* German Bund yield at just 0.15 pct - near 2016 lows
* Asia data overnight heightens growth fears
* Germany, France set for 2nd week of sharp yield falls
* Euro zone periphery govt bond yields tmsnrt.rs/2ii2Bqr
By Dhara Ranasinghe
LONDON, Feb 1 (Reuters) - Germany’s long-dated government bond yields were just a whisker away from their lowest levels in over two years on Friday, a sign of the depth of pessimism about the world economy gripping financial markets.
At just 0.15 percent, 10-year bond yields in Germany have this week taken a step closer towards zero percent — levels last seen in 2016 when the European Central Bank expanded its monetary policy stimulus scheme to stave off the threat of deflation.

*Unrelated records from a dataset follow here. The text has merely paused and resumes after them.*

(* Let $f$ be convex, differentiable, symmetric, $M$-smooth and $(m,r)$-restricted strongly convex, $\kappa=M/m$. Let $X^\star$ be a minimizer of $f$ over $\mathbb{S}^n_+$ with $r\le\mathrm{rank}(X^\star)$, $X^\star_r=U^\star_r(U^\star_r)^\top$ its best rank-$r$ approximation ($U^\star_r\in\mathbb{R}^{n\times r}$), and assume (A3): $\|X^\star-X^\star_r\|_F\le\frac{1}{200\kappa^{1.5}}\frac{\sigma_r(X^\star)}{\sigma_1(X^\star)}\sigma_r(X^\star)$. Let $U\in\mathbb{R}^{n\times r}$ with $\mathrm{Dist}(U,U^\star_r)\le\rho'\sigma_r(U^\star_r)$, $\rho'=\frac{1}{100\kappa}\frac{\sigma_r(X^\star)}{\sigma_1(X^\star)}$; let $X=UU^\top$, $\Delta=U-U^\star_rR_U^\star$ and $\hat\eta=\frac{1}{16(M\|X\|_2+\|\nabla f(X)Q_UQ_U^\top\|_2)}$. Then $$\langle\nabla f(X),\Delta\Delta^\top\rangle\ge-\tfrac{2\hat\eta}{25}\|\nabla f(X)U\|_F^2-\Big(\tfrac{m\,\sigma_r(X^\star)}{20}+M\|X^\star-X^\star_r\|_F\Big)\mathrm{Dist}(U,U^\star_r)^2.$$
   Context: $\mathbb{S}^n_+$ is the cone of $n\times n$ PSD matrices. For a matrix $A$, $\sigma_i(A)$ is its $i$-th largest singular value, $\|A\|_2=\sigma_1(A)$, $\|A\|_F$ the Frobenius norm, $\langle A,B\rangle=\mathrm{tr}(A^\top B)$. $Q_U$ is a matrix whose columns form an orthonormal basis of the column space of $U$. For $U,V\in\mathbb{R}^{n\times r}$, $\mathrm{Dist}(U,V)=\min_{R\in\mathcal{O}_r}\|U-VR\|_F$, $\mathcal{O}_r$ the $r\times r$ orthogonal matrices; $R_U^\star$ is a minimizer in $\mathrm{Dist}(U,U^\star_r)$. $f$ symmetric: $f(X)=f(X^\top)$. $M$-smooth: $\|\nabla f(X)-\nabla f(Y)\|_F\le M\|X-Y\|_F$ for $X,Y\in\mathbb{S}^n_+$. $(m,r)$-restricted strongly convex: $f(Y)\ge f(X)+\langle\nabla f(X),Y-X\rangle+\frac m2\|Y-X\|_F^2$ for all $X,Y\in\mathbb{S}^n_+$ of rank at most $r$. *)

theory Defs
  imports "HOL-Analysis.Analysis"
begin

text \<open>Matrices are real^'c^'r (rows indexed by 'r, columns by 'c). On this type the
  built-in inner product is the Frobenius inner product tr(A^T B) and norm is the
  Frobenius norm.\<close>

definition psd :: "real^'n^'n \<Rightarrow> bool" where
  "psd X \<longleftrightarrow> transpose X = X \<and> (\<forall>v. 0 \<le> v \<bullet> (X *v v))"

text \<open>k-th largest singular value (k \<ge> 1), Courant-Fischer max-min form.\<close>
definition sigma :: "nat \<Rightarrow> real^'c^'r \<Rightarrow> real" where
  "sigma k A = Sup {Inf ((\<lambda>v. norm (A *v v)) ` {v \<in> V. norm v = 1}) | V.
                      subspace V \<and> dim V = k}"

definition Dist :: "real^'r^'n \<Rightarrow> real^'r^'n \<Rightarrow> real" where
  "Dist U V = Inf {norm (U - V ** R) | R. orthogonal_matrix R}"

end

theory Submission
  imports Defs
begin

text \<open>Since X* minimises f over the PSD cone, the gradient G* at X* is PSD, so
  <G*, D D^T> >= 0 for D = U - U*_r R. By smoothness,
  <grad f(X), D D^T> >= -M ||X - X*|| ||D||^2, and writing
  U U^T - U*_r U*_r^T = D V^T + V D^T + D D^T with V = U*_r R gives
  ||X - X*|| <= 2 ||D|| sigma_1(U*_r) + ||D||^2 + ||X* - X*_r||.
  Restricted strong convexity and smoothness force m <= M; then, since
  sigma_1(U*_r)^2 <= sigma_1(X*_r) <= sigma_1(X*) + ||X* - X*_r||, the closeness
  assumptions give M (2 ||D|| sigma_1(U*_r) + ||D||^2) <= m sigma_r(X*) / 20.
  The term with the step size eta is nonpositive, so the bound even holds without it.\<close>

lemma power2_norm_vec: "(norm (x::'a::real_normed_vector^'n))\<^sup>2 = (\<Sum>i\<in>UNIV. (norm (x$i))\<^sup>2)"
  by (simp add: norm_vec_def L2_set_def sum_nonneg)

lemma norm_matrix_vector_le: "norm ((A::real^'c^'r) *v x) \<le> norm A * norm x"
proof -
  have row: "(A$i \<bullet> x)\<^sup>2 \<le> (norm (A$i) * norm x)\<^sup>2" for i
  proof -
    have "\<bar>A$i \<bullet> x\<bar>\<^sup>2 \<le> (norm (A$i) * norm x)\<^sup>2"
      by (rule power_mono[OF Cauchy_Schwarz_ineq2]) simp
    then show ?thesis
      by simp
  qed
  have "(norm (A *v x))\<^sup>2 = (\<Sum>i\<in>UNIV. (A$i \<bullet> x)\<^sup>2)"
    by (simp add: power2_norm_vec matrix_vector_mult_def inner_vec_def mult.commute)
  also have "\<dots> \<le> (\<Sum>i\<in>UNIV. (norm (A$i) * norm x)\<^sup>2)"
    by (intro sum_mono row)
  also have "\<dots> = (norm A * norm x)\<^sup>2"
    by (simp add: power2_norm_vec[of A] power_mult_distrib sum_distrib_right)
  finally show ?thesis
    by (rule power2_le_imp_le) simp
qed

lemma norm_matrix_vector_unit_le: "norm v = 1 \<Longrightarrow> norm ((A::real^'c^'r) *v v) \<le> norm A"
  using norm_matrix_vector_le[of A v] by simp

lemma norm_transpose: "norm (transpose (A::real^'c^'r)) = norm A"
proof -
  have "(norm (transpose A))\<^sup>2 = (norm A)\<^sup>2"
    unfolding power2_norm_vec by (simp add: transpose_def) (rule sum.swap)
  then show ?thesis
    by (simp add: power2_eq_iff_nonneg)
qed

lemma norm_orthogonal_matrix_vector:
  assumes "orthogonal_matrix (R::real^'r^'r)"
  shows "norm (R *v v) = norm v"
proof -
  have "(R *v v) \<bullet> (R *v v) = (transpose R *v (R *v v)) \<bullet> v"
    by (simp add: dot_lmul_matrix)
  also have "\<dots> = v \<bullet> v"
    using assms by (simp only: matrix_vector_mul_assoc orthogonal_matrix_def matrix_vector_mul_lid)
  finally show ?thesis
    by (simp add: norm_eq_sqrt_inner)
qed

lemma exists_unit_vector_in_subspace:
  assumes "subspace V" "dim V \<noteq> 0"
  obtains v :: "'a::euclidean_space" where "v \<in> V" "norm v = 1"
proof -
  obtain x where x: "x \<in> V" "x \<noteq> 0"
    using assms dim_eq_0[of V] by auto
  show thesis
    by (rule that[of "x /\<^sub>R norm x"]) (use assms(1) x in \<open>auto intro: subspace_scale\<close>)
qed

definition subspace_gain :: "real^'c^'r \<Rightarrow> (real^'c) set \<Rightarrow> real" where
  "subspace_gain A V = Inf ((\<lambda>v. norm (A *v v)) ` {v \<in> V. norm v = 1})"
lemma Re_pos_not_nonpos_Ints: "0 < Re z \<Longrightarrow> (z :: complex) \<notin> \<int>\<^sub>\<le>\<^sub>0"
  using Re_pos_not_nonpos_Reals nonpos_Ints_subset_nonpos_Reals by blast

lemma has_real_derivative_Re_along_line:
  assumes "(F has_field_derivative F') (at (w + of_real t * d))"
  shows "((\<lambda>t. Re (F (w + of_real t * d))) has_real_derivative Re (d * F')) (at t)"
proof -
  have "((\<lambda>t. w + of_real t * d) has_vector_derivative d) (at t)"
    by (auto intro!: derivative_eq_intros)
  from field_vector_diff_chain_at[OF this assms] show ?thesis
    by (auto dest!: has_field_derivative_Re simp: o_def)
qed

lemma Re_ln_Gamma_half_line:
  "Re (ln_Gamma (1/2 + of_real y * \<i>)) = (ln pi - ln (cosh (pi * y))) / 2"
proof -
  define z where "z = 1/2 + of_real y * \<i>"
  have "z \<notin> \<int>\<^sub>\<le>\<^sub>0" by (rule Re_pos_not_nonpos_Ints) (simp add: z_def)
  then have "norm (Gamma z) = exp (Re (ln_Gamma z))"
    by (simp add: Gamma_complex_altdef)
  moreover have "Gamma z * Gamma (1 - z) = of_real ((norm (Gamma z))\<^sup>2)"
    \<comment> \<open>on the line \<open>Re z = 1/2\<close> the reflection partner \<open>1 - z\<close> is \<open>cnj z\<close>\<close>
    using complex_norm_square[of "Gamma z"]
    by (simp add: cnj_Gamma z_def complex_eq_iff)
  moreover have "sin (of_real pi * z) = of_real (cosh (pi * y))"
  proof -
    have "sin (of_real pi * z) = cos (\<i> * of_real (pi * y))"
      by (simp add: z_def algebra_simps sin_add)
    also have "\<dots> = of_real (cosh (pi * y))"
      using cosh_real[of "pi * y"] by (simp add: cosh_def exp_minus del: of_real_mult)
    finally show ?thesis .
  qed
  ultimately have "exp (Re (ln_Gamma z)) ^ 2 = pi / cosh (pi * y)"
    using Gamma_reflection_complex[of z] by (metis of_real_divide of_real_eq_iff)
  then have "2 * Re (ln_Gamma z) = ln (pi / cosh (pi * y))"
    by (metis exp_double ln_exp)
  then show ?thesis by (simp add: ln_div z_def)
qed

lemma Re_Polygamma_1_half_line:
  "Re (Polygamma 1 (1/2 + of_real y * \<i>)) = pi\<^sup>2 / (2 * (cosh (pi * y))\<^sup>2)"
proof -
  \<comment> \<open>\<open>Re \<psi>'\<close> is \<open>-\<partial>\<^sub>y\<^sup>2\<close> of \<open>Re ln \<Gamma>\<close>, which is explicit on this line\<close>
  define z where "z y = 1/2 + of_real y * \<i>" for y
  define g' where "g' y = - pi / 2 * (sinh (pi * y) / cosh (pi * y))" for y
  have "((\<lambda>y. (ln pi - ln (cosh (pi * y))) / 2) has_real_derivative g' y) (at y)" for y
    unfolding g'_def by (auto intro!: derivative_eq_intros simp: field_simps)
  moreover have "((\<lambda>y. Re (ln_Gamma (z y))) has_real_derivative Re (\<i> * Digamma (z y))) (at y)" for y
    unfolding z_def
    by (rule has_real_derivative_Re_along_line, rule has_field_derivative_ln_Gamma_complex,
        rule Re_pos_not_nonpos_Reals) simp
  ultimately have Digamma_eq: "Re (\<i> * Digamma (z y)) = g' y" for y
    using DERIV_unique by (force simp: Re_ln_Gamma_half_line z_def)
  have "((\<lambda>y. Re (\<i> * Digamma (z y))) has_real_derivative Re (\<i> * (\<i> * Polygamma 1 (z y)))) (at y)"
    unfolding z_def
    by (rule has_real_derivative_Re_along_line[where F = "\<lambda>z. \<i> * Digamma z"])
       (auto intro!: derivative_eq_intros has_field_derivative_Polygamma Re_pos_not_nonpos_Ints)
  then have "(g' has_real_derivative - Re (Polygamma 1 (z y))) (at y)"
    by (simp only: Digamma_eq) simp
  moreover have "(g' has_real_derivative - pi\<^sup>2 / (2 * (cosh (pi * y))\<^sup>2)) (at y)"
    unfolding g'_def[abs_def] using sinh_square_eq[of "pi * y"]
    by (auto intro!: derivative_eq_intros simp: field_simps power2_eq_square) algebra
  ultimately show ?thesis using DERIV_unique by (force simp: z_def)
qed
(* Let $p\in(0,1)$ be fixed, $q=1-p$, and let $r>0$ be real. For every integer $m\ge 1$, $$f_r(n)=\frac{np}{(np+q)^{r+1}}\left\{\sum_{k=0}^{m-1}(-1)^k\frac{\mu_k(n-1)}{(np+q)^k}\binom{r+k}{r}+O\!\left(n^{-\lceil m/2\rceil}\right)\right\}\quad\text{as } n\to\infty.$$ Moreover, for each fixed $k$, $\mu_k(n-1)/(np+q)^k=O\!\left(n^{-\lceil k/2\rceil}\right)$ as $n\to\infty$.
   Context: For a positive integer $n$, $p\in(0,1)$, $q=1-p$ and real $r>0$, define $f_r(n)=\sum_{i=1}^n\binom{n}{i}p^iq^{n-i}\,i^{-r}$ (this equals $(1-q^n)\,\mathbb{E}(1/X^r)$ for $X$ a binomial$(n,p)$ variable conditioned to be positive). For integers $N\ge 0$ and $k\ge 0$, $\mu_k(N)=\sum_{i=0}^N\binom{N}{i}p^iq^{N-i}(i-Np)^k$ is the $k$-th central moment of the binomial$(N,p)$ distribution (the sum includes $i=0$). For non-integer $r$, $\binom{r+k}{r}:=(r+1)(r+2)\cdots(r+k)/k!$ (and $=1$ for $k=0$). $\lceil x\rceil$ denotes the ceiling of $x$. *)

theory Defs
  imports Complex_Main "HOL-Library.Landau_Symbols"
begin

definition f_r :: "real \<Rightarrow> real \<Rightarrow> nat \<Rightarrow> real" where
  "f_r p r n = (\<Sum>i=1..n. real (n choose i) * p ^ i * (1 - p) ^ (n - i) / (real i) powr r)"

definition mu :: "real \<Rightarrow> nat \<Rightarrow> nat \<Rightarrow> real" where
  "mu p k N = (\<Sum>i=0..N. real (N choose i) * p ^ i * (1 - p) ^ (N - i) * (real i - real N * p) ^ k)"

text \<open>Generalized binomial coefficient binom(r+k, r) = (r+1)...(r+k)/k!, which is (r+k) gchoose k.\<close>
definition binomr :: "real \<Rightarrow> nat \<Rightarrow> real" where
  "binomr r k = (r + real k) gchoose k"

end

theory Submission
  imports Defs
begin

text \<open>With $X \sim \mathrm{Bin}(n-1,p)$ the absorption identity
  $\binom{n}{i+1} = \frac{n}{i+1}\binom{n-1}{i}$ gives $f_r(n) = np\,\mathbb{E}(X+1)^{-(r+1)}$.
  Writing $X + 1 = a(1 + x)$ with $a = np + q$ and $x = (X - (n-1)p)/a$, the Taylor expansion
  of $(1+x)^{-(r+1)}$ to order $m$ produces the main terms, because
  $\mathbb{E}\,x^k = \mu_k(n-1)/a^k$.
  The binomial recurrence shows that consecutive central moments differ by a combination of
  moments of order at most $k-2$, whence $\mu_k(N) = O(N^{\lfloor k/2 \rfloor})$ and
  $\mu_k(n-1)/a^k = O(n^{-\lceil k/2 \rceil})$.
  For even $m$ the Lagrange remainder is $O(x^m)$ where $x \ge -1/2$; on the rare event
  $x < -1/2$ it is at most $a^{r+1+m} \le a^{r+1+m}(2x)^{2J}$, whose expectation is
  $O(n^{r+1+m-J})$ for every $J$. For odd $m$ one more term of the expansion is split off.\<close>

definition binom_expect :: "real \<Rightarrow> nat \<Rightarrow> (nat \<Rightarrow> real) \<Rightarrow> real" where
  "binom_expect p N g = (\<Sum>i=0..N. real (N choose i) * p ^ i * (1 - p) ^ (N - i) * g i)"

lemma binom_expect_add: "binom_expect p N (\<lambda>i. f i + g i) = binom_expect p N f + binom_expect p N g"
  unfolding binom_expect_def by (simp add: sum.distrib algebra_simps)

Data on Friday showing factory activity shrank across much of Asia in January added to worries that trade tariffs and cooling demand in China pose an increasing threat to global growth.
The U.S. Federal Reserve on Wednesday signalled that its three-year interest rate hiking campaign may be at an end given a cloudy economic outlook.
And in the euro zone, data on Thursday confirmed Italy slipped into recession at the end of 2018 and Bundesbank President Jens Weidmann said Germany’s economic slump will be longer than earlier thought.
As investors bet that central banks have little option but to pump more stimulus into the economy, fixed income markets remain in favour with investors.
“There has been a changing expectation of Fed policy, which was confirmed this week, while there is a view in the euro zone that rates will stay lower for longer,” said Zoeb Sachee at Citi, adding that this tone had shaped bond markets at the start of the year.
“If growth continues to be weak, oil prices stay low, then there is a worry that a deflationary impulse will return and markets fear that the ECB will struggle to fight that,” he said.
On Friday, most euro zone bonds yields were largely steady after another week of sharp falls. French and German 10-year bond yields are down about 5 basis points each this week, a second week of steep declines.
Indeed, even news of progress in high-level talks between the United States and China on trade failed to dent bond markets.
Spain’s 10-year bond yields were set for their fourth week of falls, down about 4 bps, although steady in early trade at 1.20 percent.
Focus shifts to U.S. non-farm payrolls data later in the day for the clues on the U.S. economic outlook.